> Task: In the material below, find each line with the word "fpoly" and copy it.

┌──

(* In the setting described in the context, the matrix $\mathbf F$ is invertible with $$\mathbf F^{-1}=\mathbf N^{-1}\mathbf F^T\boldsymbol\Delta,\qquad \det(\mathbf F)=(-1)^{\frac12\textsc{m}(\textsc{m}+1)}\prod_{0\le l\le\textsc{m}}\Big(\frac{N_l}{\Delta_l}\Big)^{1/2},$$ where $\mathbf N=\mathrm{diag}(N_0,\dots,N_{\textsc{m}})$ and $\boldsymbol\Delta=\mathrm{diag}(\Delta_0,\dots,\Delta_{\textsc{m}})$.
   Context: Fix $0<p<1$ and the Jacobi theta functions $\theta_1(z)=2p^{1/4}\sin z\prod_{n\ge1}(1-p^{2n})(1-2p^{2n}\cos 2z+p^{4n})$, $\theta_2(z)=2p^{1/4}\cos z\prod_{n\ge1}(1-p^{2n})(1+2p^{2n}\cos 2z+p^{4n})$, $\theta_3(z)=\prod_{n\ge1}(1-p^{2n})(1+2p^{2n-1}\cos 2z+p^{4n-2})$, $\theta_4(z)=\prod_{n\ge1}(1-p^{2n})(1-2p^{2n-1}\cos 2z+p^{4n-2})$. For $\alpha>0$ set $[z]_1=\theta_1(\frac{\alpha}{2}z)/(\frac{\alpha}{2}\theta_1'(0))$, $[z]_r=\theta_r(\frac{\alpha}{2}z)/\theta_r(0)$ ($r=2,3,4$). Parameters: real $u_1,\dots,u_4,v_1,\dots,v_4$ with $u_r>0$, $|v_r|<u_r+\frac12$ for $r=1,2$; $\textsc{m}\in\mathbb{N}$; $\alpha=\pi/(u_1+u_2+\textsc{m})$; a real $u$ with $u,u+1\notin\frac{2\pi}{\alpha}\mathbb{Z}$. Let $\pi_1=\mathrm{id}$, $\pi_2=(12)(34)$, $\pi_3=(13)(24)$, $\pi_4=(14)(23)$ in $S_4$, and $c_r=\frac{2}{[u]_1[u+1]_1}\prod_{s=1}^4[u_{\pi_r(s)}-\frac12]_s[v_{\pi_r(s)}]_s$. For integers $k$ define $a_k=\prod_{r=1}^4\frac{[u_1-u_r+k]_r[u_1-v_r-\frac12+k]_r}{[u_1+k]_r[u_1-\frac12+k]_r}$, $\tilde a_k=\prod_{r=1}^4\frac{[u_2-u_{\pi_2(r)}+k]_r[u_2-v_{\pi_2(r)}-\frac12+k]_r}{[u_2+k]_r[u_2-\frac12+k]_r}$, $b_k=\sum_{r=1}^4c_r\frac{[u_1+k+\frac12+u]_r[u_1+k-\frac12-u]_r}{[u_1+k+\frac12]_r[u_1+k-\frac12]_r}$ (the numbers $a_k,\tilde a_k$, $1\le k\le\textsc{m}$, are positive). Let $\mathbf H$ be the $(\textsc{m}+1)\times(\textsc{m}+1)$ tridiagonal matrix with rows/columns indexed by $0,\dots,\textsc{m}$, $H_{k,k}=b_k$, $H_{k,k-1}=a_k$ ($1\le k\le\textsc{m}$), $H_{k,k+1}=\tilde a_{\textsc{m}-k}$ ($0\le k\le\textsc{m}-1$), all other entries $0$; its eigenvalues are real and simple, denoted $\textsc{e}_0>\textsc{e}_1>\cdots>\textsc{e}_{\textsc{m}}$. The monic elliptic Racah polynomials are $p_0(\textsc{e})=1$ and, for $1\le k\le\textsc{m}+1$, $p_k(\textsc{e})$ = the determinant of the upper-left $k\times k$ submatrix of $\textsc{e}\mathbf I_{\textsc{m}+1}-\mathbf H$; $f_k(\textsc{e})=p_k(\textsc{e})\prod_{0\le j<k}\tilde a_{\textsc{m}-j}^{-1}$. The elliptic Racah matrix $\mathbf F$ is the $(\textsc{m}+1)\times(\textsc{m}+1)$ matrix whose $j$-th column ($j=0,\dots,\textsc{m}$) is $(f_0(\textsc{e}_j),\dots,f_{\textsc{m}}(\textsc{e}_j))^T$, i.e. $F_{k,j}=f_k(\textsc{e}_j)$. Weights: $\Delta_k=\prod_{1\le l\le k}\tilde a_{\textsc{m}+1-l}/a_l$. Norms: $N_j=\frac{1}{|\epsilon_j|\,a_1\cdots a_{\textsc{m}}}\prod_{0\le l\le\textsc{m},\,l\ne j}|\textsc{e}_j-\textsc{e}_l|$ with $\epsilon_j=\tilde p_{\textsc{m}}(\textsc{e}_j)/(a_1\cdots a_{\textsc{m}})$, where $\tilde p_{\textsc{m}}$ denotes $p_{\textsc{m}}$ computed with parameters interchanged as $(u_1,v_1)\leftrightarrow(u_2,v_2)$, $(u_3,v_3)\leftrightarrow(u_4,v_4)$. *)

theory Defs
  imports "HOL-Analysis.Infinite_Products" "Jordan_Normal_Form.Char_Poly"
begin

definition theta1 :: "real \<Rightarrow> real \<Rightarrow> real" where
  "theta1 p z = 2 * p powr (1/4) * sin z *
     (\<Prod>n. (1 - p ^ (2 * Suc n)) * (1 - 2 * p ^ (2 * Suc n) * cos (2 * z) + p ^ (4 * Suc n)))"

definition theta2 :: "real \<Rightarrow> real \<Rightarrow> real" where
  "theta2 p z = 2 * p powr (1/4) * cos z *
     (\<Prod>n. (1 - p ^ (2 * Suc n)) * (1 + 2 * p ^ (2 * Suc n) * cos (2 * z) + p ^ (4 * Suc n)))"

definition theta3 :: "real \<Rightarrow> real \<Rightarrow> real" where
  "theta3 p z =
     (\<Prod>n. (1 - p ^ (2 * Suc n)) * (1 + 2 * p ^ (2 * Suc n - 1) * cos (2 * z) + p ^ (4 * Suc n - 2)))"

definition theta4 :: "real \<Rightarrow> real \<Rightarrow> real" where
  "theta4 p z =
     (\<Prod>n. (1 - p ^ (2 * Suc n)) * (1 - 2 * p ^ (2 * Suc n - 1) * cos (2 * z) + p ^ (4 * Suc n - 2)))"

definition brk :: "real \<Rightarrow> real \<Rightarrow> nat \<Rightarrow> real \<Rightarrow> real" where
  "brk p \<alpha> r z =
     (if r = 1 then theta1 p (\<alpha> / 2 * z) / (\<alpha> / 2 * deriv (theta1 p) 0)
      else if r = 2 then theta2 p (\<alpha> / 2 * z) / theta2 p 0
      else if r = 3 then theta3 p (\<alpha> / 2 * z) / theta3 p 0
      else theta4 p (\<alpha> / 2 * z) / theta4 p 0)"

definition perm4 :: "nat \<Rightarrow> nat \<Rightarrow> nat" where
  "perm4 r s =
     (if r = 2 then (if s = 1 then 2 else if s = 2 then 1 else if s = 3 then 4 else if s = 4 then 3 else s)
      else if r = 3 then (if s = 1 then 3 else if s = 3 then 1 else if s = 2 then 4 else if s = 4 then 2 else s)
      else if r = 4 then (if s = 1 then 4 else if s = 4 then 1 else if s = 2 then 3 else if s = 3 then 2 else s)
      else s)"

text \<open>Parameters: nome p, us = (u_1..u_4), vs = (v_1..v_4) (indexed by 1..4), M, spectral parameter u.\<close>

definition alph :: "(nat \<Rightarrow> real) \<Rightarrow> nat \<Rightarrow> real" where
  "alph us M = pi / (us 1 + us 2 + real M)"

definition cr :: "real \<Rightarrow> (nat \<Rightarrow> real) \<Rightarrow> (nat \<Rightarrow> real) \<Rightarrow> nat \<Rightarrow> real \<Rightarrow> nat \<Rightarrow> real" where
  "cr p us vs M u r =
     (let b = brk p (alph us M) in
      2 / (b 1 u * b 1 (u + 1)) *
      (\<Prod>s\<in>{1..4}. b s (us (perm4 r s) - 1/2) * b s (vs (perm4 r s))))"

definition acoef :: "real \<Rightarrow> (nat \<Rightarrow> real) \<Rightarrow> (nat \<Rightarrow> real) \<Rightarrow> nat \<Rightarrow> nat \<Rightarrow> real" where
  "acoef p us vs M k =
     (let b = brk p (alph us M) in
      \<Prod>r\<in>{1..4}. b r (us 1 - us r + real k) * b r (us 1 - vs r - 1/2 + real k) /
                   (b r (us 1 + real k) * b r (us 1 - 1/2 + real k)))"

definition atcoef :: "real \<Rightarrow> (nat \<Rightarrow> real) \<Rightarrow> (nat \<Rightarrow> real) \<Rightarrow> nat \<Rightarrow> nat \<Rightarrow> real" where
  "atcoef p us vs M k =
     (let b = brk p (alph us M) in
      \<Prod>r\<in>{1..4}. b r (us 2 - us (perm4 2 r) + real k) * b r (us 2 - vs (perm4 2 r) - 1/2 + real k) /
                   (b r (us 2 + real k) * b r (us 2 - 1/2 + real k)))"

definition bcoef :: "real \<Rightarrow> (nat \<Rightarrow> real) \<Rightarrow> (nat \<Rightarrow> real) \<Rightarrow> nat \<Rightarrow> real \<Rightarrow> nat \<Rightarrow> real" where
  "bcoef p us vs M u k =
     (let b = brk p (alph us M) in
      \<Sum>r\<in>{1..4}. cr p us vs M u r *
         (b r (us 1 + real k + 1/2 + u) * b r (us 1 + real k - 1/2 - u)) /
         (b r (us 1 + real k + 1/2) * b r (us 1 + real k - 1/2)))"

definition Hent :: "real \<Rightarrow> (nat \<Rightarrow> real) \<Rightarrow> (nat \<Rightarrow> real) \<Rightarrow> nat \<Rightarrow> real \<Rightarrow> nat \<Rightarrow> nat \<Rightarrow> real" where
  "Hent p us vs M u i j =
     (if i = j then bcoef p us vs M u i
      else if i = j + 1 then acoef p us vs M i
      else if j = i + 1 then atcoef p us vs M (M - i)
      else 0)"

definition Hmat :: "real \<Rightarrow> (nat \<Rightarrow> real) \<Rightarrow> (nat \<Rightarrow> real) \<Rightarrow> nat \<Rightarrow> real \<Rightarrow> real mat" where
  "Hmat p us vs M u = mat (M + 1) (M + 1) (\<lambda>(i, j). Hent p us vs M u i j)"

definition ppoly :: "real \<Rightarrow> (nat \<Rightarrow> real) \<Rightarrow> (nat \<Rightarrow> real) \<Rightarrow> nat \<Rightarrow> real \<Rightarrow> nat \<Rightarrow> real \<Rightarrow> real" where
  "ppoly p us vs M u k E =
     det (mat k k (\<lambda>(i, j). (if i = j then E else 0) - Hent p us vs M u i j))"

definition fpoly :: "real \<Rightarrow> (nat \<Rightarrow> real) \<Rightarrow> (nat \<Rightarrow> real) \<Rightarrow> nat \<Rightarrow> real \<Rightarrow> nat \<Rightarrow> real \<Rightarrow> real" where
  "fpoly p us vs M u k E =
     ppoly p us vs M u k E * (\<Prod>j<k. inverse (atcoef p us vs M (M - j)))"

text \<open>The elliptic Racah matrix, for a given labelling E_0..E_M of the eigenvalues of H.\<close>

definition Fmat :: "real \<Rightarrow> (nat \<Rightarrow> real) \<Rightarrow> (nat \<Rightarrow> real) \<Rightarrow> nat \<Rightarrow> real \<Rightarrow> (nat \<Rightarrow> real) \<Rightarrow> real mat" where
  "Fmat p us vs M u E = mat (M + 1) (M + 1) (\<lambda>(k, j). fpoly p us vs M u k (E j))"

definition Delta :: "real \<Rightarrow> (nat \<Rightarrow> real) \<Rightarrow> (nat \<Rightarrow> real) \<Rightarrow> nat \<Rightarrow> nat \<Rightarrow> real" where
  "Delta p us vs M k = (\<Prod>l\<in>{1..k}. atcoef p us vs M (M + 1 - l) / acoef p us vs M l)"

text \<open>Interchange (u_1,v_1) with (u_2,v_2) and (u_3,v_3) with (u_4,v_4): precomposition with pi_2.\<close>

definition epsn :: "real \<Rightarrow> (nat \<Rightarrow> real) \<Rightarrow> (nat \<Rightarrow> real) \<Rightarrow> nat \<Rightarrow> real \<Rightarrow> (nat \<Rightarrow> real) \<Rightarrow> nat \<Rightarrow> real" where
  "epsn p us vs M u E j =
     ppoly p (us \<circ> perm4 2) (vs \<circ> perm4 2) M u M (E j) / (\<Prod>l\<in>{1..M}. acoef p us vs M l)"

definition Nrm :: "real \<Rightarrow> (nat \<Rightarrow> real) \<Rightarrow> (nat \<Rightarrow> real) \<Rightarrow> nat \<Rightarrow> real \<Rightarrow> (nat \<Rightarrow> real) \<Rightarrow> nat \<Rightarrow> real" where
  "Nrm p us vs M u E j =
     1 / (\<bar>epsn p us vs M u E j\<bar> * (\<Prod>l\<in>{1..M}. acoef p us vs M l)) *
     (\<Prod>l\<in>{0..M} - {j}. \<bar>E j - E l\<bar>)"

definition diagm :: "nat \<Rightarrow> (nat \<Rightarrow> real) \<Rightarrow> real mat" where
  "diagm n d = mat n n (\<lambda>(i, j). if i = j then d i else 0)"

end

theory Submission
  imports Defs
begin

text \<open>\<open>H\<close> is a Jacobi matrix: it is tridiagonal, and its off-diagonal entries \<open>a\<^sub>k\<close>,
  \<open>\<tilde>a\<^sub>k\<close> are positive because every theta quotient in them is evaluated where the theta
  function is positive.  For such a matrix the Christoffel--Darboux identity shows that the
  vectors \<open>(f\<^sub>k(E\<^sub>j))\<^sub>k\<close> are orthogonal for the weights \<open>\<Delta>\<^sub>k\<close>; the diagonal value is the confluent
  limit, which involves \<open>p\<^sub>M\<close> of the reversed matrix, because an eigenvector normalised at
  the top and one normalised at the bottom differ by the factor \<open>f\<^sub>M(E\<^sub>j)\<close>.  The theta
  reflection \<open>\<theta>\<^sub>r(\<pi>/2 - z) = \<theta>\<^bsub>\<pi>\<^sub>2(r)\<^esub>(z)\<close> together with \<open>\<alpha>(u\<^sub>1 + u\<^sub>2 + M) = \<pi>\<close> shows that the
  reversed matrix is \<open>H\<close> with the parameters interchanged, which identifies these values with
  \<open>N\<^sub>j\<close>.  Orthogonality is \<open>N\<^sup>-\<^sup>1 F\<^sup>T \<Delta> F = I\<close>, so \<open>det F\<^sup>2 = \<Prod> N\<^sub>l / \<Delta>\<^sub>l\<close>; the sign of \<open>det F\<close> is
  that of a Vandermonde determinant in the decreasing nodes \<open>E\<^sub>j\<close>.\<close>

section \<open>Leading minors of tridiagonal matrices\<close>

definition char_minor :: "(nat \<Rightarrow> nat \<Rightarrow> real) \<Rightarrow> nat \<Rightarrow> real poly" where
  "char_minor T k = char_poly (mat k k (\<lambda>(i, j). T i j))"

└──

> Solution to this problem:
definition fpoly :: "real \<Rightarrow> (nat \<Rightarrow> real) \<Rightarrow> (nat \<Rightarrow> real) \<Rightarrow> nat \<Rightarrow> real \<Rightarrow> nat \<Rightarrow> real \<Rightarrow> real" where
  "fpoly p us vs M u k E =
  "Fmat p us vs M u E = mat (M + 1) (M + 1) (\<lambda>(k, j). fpoly p us vs M u k (E j))"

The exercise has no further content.